New Research From Psychological Science
Read about the latest research published in Psychological Science:
Gordon B. Moskowitz, Irmak Olcaysoy Okten, and Cynthia M. Gooch
People who show high external motivation to control prejudice (EMCP) feel threatened by the possibility that they may be viewed as biased. This threat causes people high in EMCP to feel increased arousal and anxiety in intergroup situations. The researchers were interested to know whether people concerned with appearing biased experience time-perception distortions in intergroup situations, given that arousal has been shown to influence the perception of time. White participants were shown images of White and Black faces and indicated whether the display duration of the images was longer or shorter than the display duration of a neutral image. Participants high in EMCP reported that Black faces appeared for longer than White faces. The authors suggest that these distortions in time perception may represent a new form of implicit racial bias.

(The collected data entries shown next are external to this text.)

lemma inj_on_lin_comb_extend:
  assumes E: "is_subfield E" and inj: "inj_on (\<lambda>c. lin_comb c b) (vecs_over E k)"
    and r: "r \<notin> (\<lambda>c. lin_comb c b) ` vecs_over E k"
  shows "inj_on (\<lambda>c. lin_comb c (b(k := r))) (vecs_over E (Suc k))"
proof -
  define b' where "b' = b(k := r)"
  have b'_first: "lin_comb (vec_first c k) b' = lin_comb (vec_first c k) b" for c
    unfolding b'_def by (rule lin_comb_cong) simp
  have b'_split: "lin_comb c b' = lin_comb (vec_first c k) b + c $ k * r"
    if "c \<in> carrier_vec (Suc k)" for c
    using lin_comb_Suc[OF that, of b'] unfolding b'_first by (simp add: b'_def)
  have "inj_on (\<lambda>c. lin_comb c b') (vecs_over E (Suc k))"
  proof (rule inj_onI)
    fix c d assume c: "c \<in> vecs_over E (Suc k)" and d: "d \<in> vecs_over E (Suc k)"
      and eq: "lin_comb c b' = lin_comb d b'"
    have c': "vec_first c k \<in> vecs_over E k" and d': "vec_first d k \<in> vecs_over E k"
      using c d unfolding vecs_over_def vec_first_def by auto
    have eq': "lin_comb (vec_first c k) b + c $ k * r = lin_comb (vec_first d k) b + d $ k * r"
      using eq b'_split vecs_over_carrier[OF c] vecs_over_carrier[OF d] by simp
    have "c $ k = d $ k"
    proof (rule ccontr)
      assume ne: "c $ k \<noteq> d $ k"
      define f where "f = vec k (\<lambda>i. (d $ i - c $ i) / (c $ k - d $ k))"
      have f: "f \<in> vecs_over E k"
        using vecs_over_index[OF c] vecs_over_index[OF d] unfolding f_def vecs_over_def
        by (auto intro!: subfield_divide[OF E] subfield_diff[OF E])
      have "lin_comb f b = (lin_comb (vec_first d k) b - lin_comb (vec_first c k) b) / (c $ k - d $ k)"
        unfolding lin_comb_def f_def vec_first_def
        by (simp add: sum_divide_distrib[symmetric] sum_subtractf[symmetric] left_diff_distrib)
      also have "lin_comb (vec_first d k) b - lin_comb (vec_first c k) b = (c $ k - d $ k) * r"
        using eq' by (simp add: algebra_simps)
      finally have "lin_comb f b = r" using ne by simp
      then show False using f r by blast
    qed
    moreover from this have first: "vec_first c k = vec_first d k"
      using inj_onD[OF inj _ c' d'] eq' by simp
    have "c $ i = d $ i" if "i < k" for i
      using arg_cong[OF first, of "\<lambda>v. v $ i"] that by (simp add: vec_first_def)
    ultimately show "c = d"
      using vecs_over_carrier[OF c] vecs_over_carrier[OF d]
      by (intro eq_vecI) (auto simp: less_Suc_eq)
  qed
  then show ?thesis unfolding b'_def .
qed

Direct Evidence for Active Suppression of Salient-but-Irrelevant Sensory Inputs
Nicholas Gaspelin, Carly J. Leonard, and Steven J. Luck
Although feature singletons (i.e., objects that differ from a homogeneous background) seem to capture attention, researchers are unsure whether they capture attention regardless of a person’s goals (as stimulus-driven theories would suggest) or capture attention depending on a person’s intentions (as goal-driven theories would suggest). A combination of these theories — the signal-suppression hypothesis — posits that these types of stimuli automatically generate a salience signal that can subsequently be suppressed, preventing attention capture. The researchers tested this hypothesis in four studies. Participants searched an array of shapes for a target shape while ignoring a color singleton or, on infrequent trials, reported letters superimposed on the shapes within the array. Participant responses to both types of trials supported the signal-suppression hypothesis.
Weight Discrimination and Risk of Mortality
Angelina R. Sutin, Yannick Stephan, and Antonio Terracciano
Weight discrimination has been linked to increased loneliness, distress, chronic inflammation, and health-risk behaviors. In a study of two large-scale U.S.-based samples — the Health and Retirement Study and the Midlife in the United States Study — the researchers examined whether weight discrimination is also linked to increased mortality. Participants in both samples reported incidents of everyday discrimination and then attributed the experiences to a number of personal characteristics, such as ancestry, weight, and sexual orientation. The researchers used the National Death Index and communication with the participants’ family members to track participant mortality. Weight discrimination was associated with a 60% increased mortality risk in both samples — an increased risk not accounted for by other physical and psychological risk factors.